No trabalho da enfermagem, por exemplo, é adequado o enfoque dos grupos do tipo operativo, pela relativa facilidade com que os profissionais podem ser treinados para exercer essa atividade e pela adequação dos mesmos à abordagem de gestantes, crianças, adolescentes, pacientes internados, entre outros(5,8).

O trabalho com grupos oferece oportunidades para o crescimento e mudança com relação a nós mesmos e ao mundo. A vida de um grupo pode e deve ser observada por vários olhares, o que permite a compreensão de sua complexidade, sua vitalidade e potencialidade(9).

Tendo em vista a aplicação desse recurso em várias dimensões do trabalho do enfermeiro, define-se o termo atividade grupal para se referir às ações realizadas por esse profissional no contexto do grupo e será utilizada no decorrer deste trabalho.

O estudo dessas atividades, sua natureza e aplicação no campo da enfermagem remeteram à constatação de que não havia nenhum estudo sistematizado que proporcionasse parâmetro para compreender como o enfermeiro tem utilizado esse recurso. Esse fato motivou o estudo desse assunto no âmbito da literatura nacional, em particular nos periódicos de enfermagem, tendo em vista o envolvimento dos autores com o desenvolvimento dessa tecnologia e, possivelmente, a contribuição com aqueles que desejam trabalhar melhor com tal ferramenta na enfermagem.

A decisão a respeito de focar a produção brasileira se justifica por se tratar de tema ainda em desenvolvimento, que se delineia através de peculiaridades socioculturais importantes e que precisam ser conhecidas entre nós. A relevância do estudo é justamente calcada na possibilidade de se traçar um panorama nacional sobre a produção desse conhecimento, ainda não realizado.

Assim, tem-se temos como objetivo caracterizar e analisar a produção científica sobre a utilização da atividade grupal, relacionada ao trabalho do enfermeiro, no período de 1980 a 2003, nos periódicos nacionais da área de enfermagem.

MÉTODO

Para se alcançar o objetivo proposto nesta investigação, realizou-se um estudo descritivo e exploratório, de natureza bibliográfica, que é o exame de todo o material escrito e publicado para levantamento e análise do que se produziu sobre determinado assunto, caracterizado como tema de pesquisa(10-11).

A pesquisa bibliográfica permite ao pesquisador ter contato direto com o que já foi escrito sobre o assunto e sua grande vantagem é permitir maior cobertura dos fenômenos pesquisados, o que não seria possível se a mesma fosse feita diretamente na fonte(10-11).

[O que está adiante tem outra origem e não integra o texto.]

lemma holomorphic_ghat_n_ext: "ghat_n_ext a n holomorphic_on {z. \<bar>Im z\<bar> < a0 / (2 * pi)}"
proof -
  have nonzero: "a \<nu> \<noteq> 0" if "\<nu> \<in> {1..n}" for \<nu>
    using a_ge[of \<nu>] that a0_pos by auto
  have denominator: "1 + 2 * pi * \<i> * z / of_real (a \<nu>) \<noteq> 0"
    if "\<nu> \<in> {1..n}" "\<bar>Im z\<bar> < a0 / (2 * pi)" for \<nu> z
  proof -
    have "\<bar>Re (2 * pi * \<i> * z / of_real (a \<nu>))\<bar> \<le> 2 * pi * \<bar>Im z\<bar> / a0"
      using that by (intro abs_Re_pf_arg_le) auto
    also have "\<dots> < 1" using that a0_pos by (simp add: field_simps)
    finally show ?thesis by (auto simp: complex_eq_iff)
  qed
  show ?thesis
    unfolding ghat_n_ext_def exp_frac_def using nonzero denominator
    by (intro holomorphic_on_prod holomorphic_on_divide holomorphic_intros) auto
qed

lemma abs_Re_pf_arg_le_q:
  assumes "\<nu> \<ge> 1" "\<bar>Im z\<bar> \<le> t0"
  shows "\<bar>Re (2 * pi * \<i> * z / of_real (a \<nu>))\<bar> \<le> q"
  using abs_Re_pf_arg_le[OF assms] by (simp add: q_def)

lemma norm_exp_frac_pf_arg_sub_one_le:
  assumes "\<nu> \<ge> 1" and z: "\<bar>Im z\<bar> \<le> t0"
  shows "norm (exp_frac (2 * pi * \<i> * z / of_real (a \<nu>)) - 1)
    \<le> (2 * pi * norm z)^2 * exp (2 * pi * norm z / a0) / (1 - q) * (1 / (a \<nu>)^2)"
proof -
  define u where "u = 2 * pi * \<i> * z / of_real (a \<nu>)"
  have Re: "\<bar>Re u\<bar> \<le> q" unfolding u_def by (rule abs_Re_pf_arg_le_q[OF assms])
  have a: "a0 \<le> \<bar>a \<nu>\<bar>" by (rule a_ge[OF assms(1)])
  have norm_u: "norm u = 2 * pi * norm z / \<bar>a \<nu>\<bar>"
    by (simp add: u_def norm_divide norm_mult)
  have "norm (exp_frac u - 1) \<le> norm u ^ 2 * exp (norm u) / (1 + Re u)"
    using Re q_bounds by (intro norm_exp_frac_sub_one_le) linarith
  also have "\<dots> \<le> norm u ^ 2 * exp (2 * pi * norm z / a0) / (1 - q)"
    using Re q_bounds a a0_pos unfolding norm_u
    by (intro frac_le mult_left_mono) (auto intro!: divide_left_mono mult_nonneg_nonneg)
  also have "\<dots> = (2 * pi * norm z)^2 * exp (2 * pi * norm z / a0) / (1 - q) * (1 / (a \<nu>)^2)"
    by (simp add: norm_u power_divide)
  finally show ?thesis by (simp add: u_def)
qed

lemma ghat_n_ext_LIMSEQ:
  assumes z: "\<bar>Im z\<bar> \<le> t0"
  shows "(\<lambda>n. ghat_n_ext a n z) \<longlonglongrightarrow> ghat_ext a z"
proof -
  define f where "f \<nu> = exp_frac (2 * pi * \<i> * z / of_real (a (Suc \<nu>)))" for \<nu>
  define C where "C = (2 * pi * norm z)^2 * exp (2 * pi * norm z / a0) / (1 - q)"
  have "summable (\<lambda>\<nu>. norm (f \<nu> - 1))"
  proof (rule summable_comparison_test'[OF summable_mult[OF summable, of C]])
    show "norm (norm (f \<nu> - 1)) \<le> C * (1 / (a (Suc \<nu>))^2)" for \<nu>
      using norm_exp_frac_pf_arg_sub_one_le[of "Suc \<nu>" z] z by (simp add: f_def C_def)
  qed
  then have "convergent_prod f"
    by (intro abs_convergent_prod_imp_convergent_prod summable_imp_abs_convergent_prod)
  then have "(\<lambda>n. \<Prod>\<nu>\<le>n. f \<nu>) \<longlonglongrightarrow> prodinf f"
    by (rule convergent_prod_LIMSEQ)
  moreover have "ghat_n_ext a (Suc n) z = (\<Prod>\<nu>\<le>n. f \<nu>)" for n
    unfolding ghat_n_ext_def f_def by (simp only: One_nat_def prod.atLeast1_atMost_eq lessThan_Suc_atMost)
  moreover have "prodinf f = ghat_ext a z"
    by (simp add: ghat_ext_def f_def[abs_def])
  ultimately have "(\<lambda>n. ghat_n_ext a (Suc n) z) \<longlonglongrightarrow> ghat_ext a z"
    by simp
  then show ?thesis by (rule LIMSEQ_imp_Suc)
qed

lemma norm_exp_frac_pf_arg_le:
  assumes "\<nu> \<ge> 1" and z: "\<bar>Im z\<bar> \<le> t0"
  shows "norm (exp_frac (2 * pi * \<i> * z / of_real (a \<nu>))) \<le> exp ((2 * pi * t0)^2 / (1 - q) * (1 / (a \<nu>)^2))"
proof -
  define u where "u = 2 * pi * \<i> * z / of_real (a \<nu>)"
  have Re: "\<bar>Re u\<bar> \<le> q" unfolding u_def by (rule abs_Re_pf_arg_le_q[OF assms])
  have "\<bar>Re u\<bar> \<le> 2 * pi * t0 / \<bar>a \<nu>\<bar>"
    using z unfolding u_def abs_Re_Im_pf_arg by (intro divide_right_mono) auto
  then have "(Re u)^2 \<le> (2 * pi * t0)^2 * (1 / (a \<nu>)^2)"
    by (metis abs_ge_zero power2_abs power_divide power_mono times_divide_eq_right mult_1_right)
  have "norm (exp_frac u) \<le> exp ((Re u)^2 / (1 + Re u))"
    using Re q_bounds by (intro norm_exp_frac_le) linarith
  also have "\<dots> \<le> exp ((2 * pi * t0)^2 * (1 / (a \<nu>)^2) / (1 - q))"
    using Re q_bounds \<open>(Re u)^2 \<le> _\<close> by (intro exp_mono frac_le) auto
  finally show ?thesis by (simp add: u_def mult.commute)
qed

lemma norm_pf_tail_le:
  assumes z: "\<bar>Im z\<bar> \<le> t0"
  shows "norm (\<Prod>\<nu>\<in>{3..n}. exp_frac (2 * pi * \<i> * z / of_real (a \<nu>)))
    \<le> exp ((2 * pi * t0)^2 / (1 - q) * (\<Sum>\<nu>. 1 / (a (Suc \<nu>))^2))"
proof -
  define C where "C = (2 * pi * t0)^2 / (1 - q)"
  have "C \<ge> 0" using q_bounds by (simp add: C_def)
  have "norm (\<Prod>\<nu>\<in>{3..n}. exp_frac (2 * pi * \<i> * z / of_real (a \<nu>)))
      \<le> (\<Prod>\<nu>\<in>{3..n}. exp (C * (1 / (a \<nu>)^2)))"
    unfolding prod_norm[symmetric] C_def using norm_exp_frac_pf_arg_le z
    by (intro prod_mono) auto
  also have "\<dots> = exp (C * (\<Sum>\<nu>\<in>{3..n}. 1 / (a \<nu>)^2))"
    by (simp add: exp_sum sum_distrib_left)
  also have "\<dots> \<le> exp (C * (\<Sum>\<nu>. 1 / (a (Suc \<nu>))^2))"
  proof -
    have "(\<Sum>\<nu>\<in>{3..n}. 1 / (a \<nu>)^2) \<le> (\<Sum>\<nu>\<in>{1..n}. 1 / (a \<nu>)^2)"
      by (intro sum_mono2) auto
    also have "\<dots> = (\<Sum>\<nu><n. 1 / (a (Suc \<nu>))^2)"
      by (simp only: One_nat_def sum.atLeast1_atMost_eq)
    also have "\<dots> \<le> (\<Sum>\<nu>. 1 / (a (Suc \<nu>))^2)"
      by (intro sum_le_suminf summable) auto
    finally show ?thesis using \<open>C \<ge> 0\<close> by (simp add: mult_left_mono)
  qed
  finally show ?thesis by (simp add: C_def)
qed

lemma ghat_n_ext_decay:
  obtains K where "\<And>n z. 2 \<le> n \<Longrightarrow> \<bar>Im z\<bar> \<le> t0 \<Longrightarrow> norm (ghat_n_ext a n z) \<le> K / (1 + (Re z)^2)"
proof -
  define M where "M = exp ((2 * pi * t0)^2 / (1 - q) * (\<Sum>\<nu>. 1 / (a (Suc \<nu>))^2))"
  define \<alpha> where "\<alpha> \<nu> = 2 * pi / \<bar>a \<nu>\<bar>" for \<nu>
  define c where "c = min ((1 - q)^2) (\<alpha> 1 * \<alpha> 2) / 2"
  have \<alpha>: "0 < \<alpha> \<nu>" if "\<nu> \<ge> 1" for \<nu>
    using a_ge[OF that] a0_pos by (simp add: \<alpha>_def)
  have c: "0 < c" using \<alpha>[of 1] \<alpha>[of 2] q_bounds by (simp add: c_def)
  have "norm (ghat_n_ext a n z) \<le> (exp q * exp q * M / c) / (1 + (Re z)^2)"
    if n: "2 \<le> n" and z: "\<bar>Im z\<bar> \<le> t0" for n z
  proof -
    let ?e = "\<lambda>\<nu>. exp_frac (2 * pi * \<i> * z / of_real (a \<nu>))"
    let ?m = "\<lambda>\<nu>. max (1 - q) (\<alpha> \<nu> * \<bar>Re z\<bar>)"
    have factor: "norm (?e \<nu>) * ?m \<nu> \<le> exp q" if "\<nu> \<ge> 1" for \<nu>
      using norm_exp_frac_mult_max_le[OF abs_Re_pf_arg_le_q[OF that z] q_bounds(2)]
      by (simp add: abs_Re_Im_pf_arg \<alpha>_def abs_mult)
    have "{1..n} = insert 1 (insert 2 {3..n})" using n by auto
    then have split: "ghat_n_ext a n z = ?e 1 * ?e 2 * (\<Prod>\<nu>\<in>{3..n}. ?e \<nu>)"
      by (simp add: ghat_n_ext_def)
    have "c * (1 + (Re z)^2) * norm (ghat_n_ext a n z)
        \<le> ?m 1 * ?m 2 * norm (ghat_n_ext a n z)"
      unfolding c_def using \<alpha>[of 1] \<alpha>[of 2] q_bounds
      by (intro mult_right_mono max_mult_max_ge) auto
    also have "\<dots> = (norm (?e 1) * ?m 1) * (norm (?e 2) * ?m 2) * norm (\<Prod>\<nu>\<in>{3..n}. ?e \<nu>)"
      by (simp add: split norm_mult)
    also have "\<dots> \<le> exp q * exp q * M"
      using factor[of 1] factor[of 2] norm_pf_tail_le[OF z, of n] q_bounds
      by (intro mult_mono) (auto simp: M_def intro!: mult_nonneg_nonneg)
    finally show ?thesis
      using c by (simp add: field_simps add_pos_nonneg)
  qed
  then show ?thesis using that by blast
qed

lemma uniform_limit_weighted_g:
  "uniform_limit UNIV (\<lambda>n x. cmod (g a x - g_n a n x) * exp (2 * pi * t0 * \<bar>x\<bar>)) (\<lambda>x. 0) sequentially"
proof -
  obtain K where decay: "\<And>n z. 2 \<le> n \<Longrightarrow> \<bar>Im z\<bar> \<le> t0 \<Longrightarrow> norm (ghat_n_ext a n z) \<le> K / (1 + (Re z)^2)"
    using ghat_n_ext_decay by blast
  \<comment> \<open>The index shift by two: neither ghat_n_ext a 0 = 1 nor ghat_n_ext a 1 is integrable on a line.\<close>
  interpret holomorphic_strip_approx "\<lambda>n. ghat_n_ext a (Suc (Suc n))" "ghat_ext a" t0 "a0 / (2 * pi)" K
  proof unfold_locales
    show "0 \<le> t0" by (rule t0_nonneg)
    show "t0 < a0 / (2 * pi)" using t0_less by (simp add: field_simps)
    show "ghat_n_ext a (Suc (Suc n)) holomorphic_on {z. \<bar>Im z\<bar> < a0 / (2 * pi)}" for n
      by (rule holomorphic_ghat_n_ext)
    show "norm (ghat_n_ext a (Suc (Suc n)) z) \<le> K / (1 + (Re z)^2)" if "\<bar>Im z\<bar> \<le> t0" for n z
      using decay that by simp
    show "(\<lambda>n. ghat_n_ext a (Suc (Suc n)) z) \<longlonglongrightarrow> ghat_ext a z" if "\<bar>Im z\<bar> \<le> t0" for z
      using ghat_n_ext_LIMSEQ[OF that] by (intro LIMSEQ_Suc)
  qed
  define F where "F n x = cmod (g a x - g_n a n x) * exp (2 * pi * t0 * \<bar>x\<bar>)" for n x
  have "uniform_limit UNIV (\<lambda>n. F (Suc (Suc n))) (\<lambda>x. 0) sequentially"
    using uniform_limit_weighted_inv_fourier
    unfolding F_def g_def g_n_def ghat_ext_of_real ghat_n_ext_of_real by (simp only: eta_contract_eq)
  then have "uniform_limit UNIV F (\<lambda>x. 0) sequentially"
    using filterlim_sequentially_Suc[of "\<lambda>n. F (Suc n)"] filterlim_sequentially_Suc[of F] by simp
  then show ?thesis
    by (simp only: F_def[abs_def])
qed

end

theorem mainTheorem3:
  fixes a :: "nat \<Rightarrow> real" and \<sigma> :: real
  assumes nonzero: "\<And>\<nu>. \<nu> \<ge> 1 \<Longrightarrow> a \<nu> \<noteq> 0"
    and summ: "summable (\<lambda>\<nu>. 1 / (a (Suc \<nu>))\<^sup>2)"
    and sigma_nonneg: "0 \<le> \<sigma>"
    and sigma_less: "\<sigma> < Inf {\<bar>a \<nu>\<bar> | \<nu>. \<nu> \<ge> 1}"
  shows "uniform_limit UNIV
           (\<lambda>n x. cmod (g a x - g_n a n x) * exp (\<sigma> * \<bar>x\<bar>))
           (\<lambda>x. 0) sequentially"
proof -
  define a0 where "a0 = Inf {\<bar>a \<nu>\<bar> | \<nu>. \<nu> \<ge> 1}"
  define t0 where "t0 = \<sigma> / (2 * pi)"
  have a_ge: "a0 \<le> \<bar>a \<nu>\<bar>" if "\<nu> \<ge> 1" for \<nu>
    unfolding a0_def by (rule cInf_lower) (use that in \<open>auto intro!: bdd_belowI[of _ 0]\<close>)
  interpret pf_strip a a0 t0
  proof unfold_locales
    show "0 < a0" using sigma_nonneg sigma_less by (simp add: a0_def)
    show "2 * pi * t0 < a0" using sigma_less by (simp add: t0_def a0_def)
  qed (use sigma_nonneg a_ge summ in \<open>simp_all add: t0_def\<close>)
  show ?thesis
    using uniform_limit_weighted_g by (simp add: t0_def)
qed

end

Optou-se por trabalhar apenas com periódicos da área da enfermagem, publicados no Brasil, pelo fato de os mesmos permitirem, com sua publicação regular, análise da produção dos pesquisadores enfermeiros brasileiros sobre o tema em estudo.

O período delimitado para a pesquisa foi entre os anos 1980 e 2003, já que um estudo anterior(1) sinaliza a década de 80 como início da divulgação de pesquisas sobre trabalhos realizados por enfermeiros, utilizando atividades grupais em periódicos nacionais.

A seleção do material a ser pesquisado foi feita a partir de buscas nos acervos da Biblioteca Central do Campus de Ribeirão Preto e na sala de leitura Glete de Alcântara da Escola de Enfermagem de Ribeirão Preto, ambos da Universidade de São Paulo.

Considerou-se como critérios da inclusão de periódicos para essa pesquisa que os mesmos fossem indexados, tivessem regularidade e periodicidade de circulação que permitisse análise ao longo do período de estudo e estivessem disponíveis no local de pesquisa no período compreendido entre os meses de julho e dezembro de 2003.

Os periódicos que atenderam os critérios de inclusão foram: Revista Brasileira de Enfermagem; Revista da Escola de Enfermagem da USP; Revista Gaúcha de Enfermagem; Revista Paulista de Enfermagem; Acta Paulista de Enfermagem; Texto & Contexto Enfermagem; Revista Latino-Americana de Enfermagem; Revista de Enfermagem da UERJ; Cogitare Enfermagem; Revista da Escola de Enfermagem Anna Nery.

Para a seleção dos artigos, fez-se uma busca ativa nos periódicos por volumes e números, selecionando para a pesquisa somente aquele que, na leitura prévia dos títulos, dos resumos e da metodologia, indicasse que as atividades grupais eram utilizadas de alguma forma no conteúdo dos mesmos.

Os artigos selecionados foram compilados, separados por ano de publicação, submetidos a leitura cuidadosa e registrados a partir de protocolo elaborado para identificar aspectos considerados relevantes para a pesquisa tais como: publicações por periódicos e por ano; natureza do artigo (síntese de dissertação de mestrado e de tese de doutorado, pesquisa, relato de experiência, estudo de caso ou outras); região de procedência dos autores; descritores; área temática do artigo; enfoque da atividade grupal e o referencial teórico específico de grupo utilizado pelos autores.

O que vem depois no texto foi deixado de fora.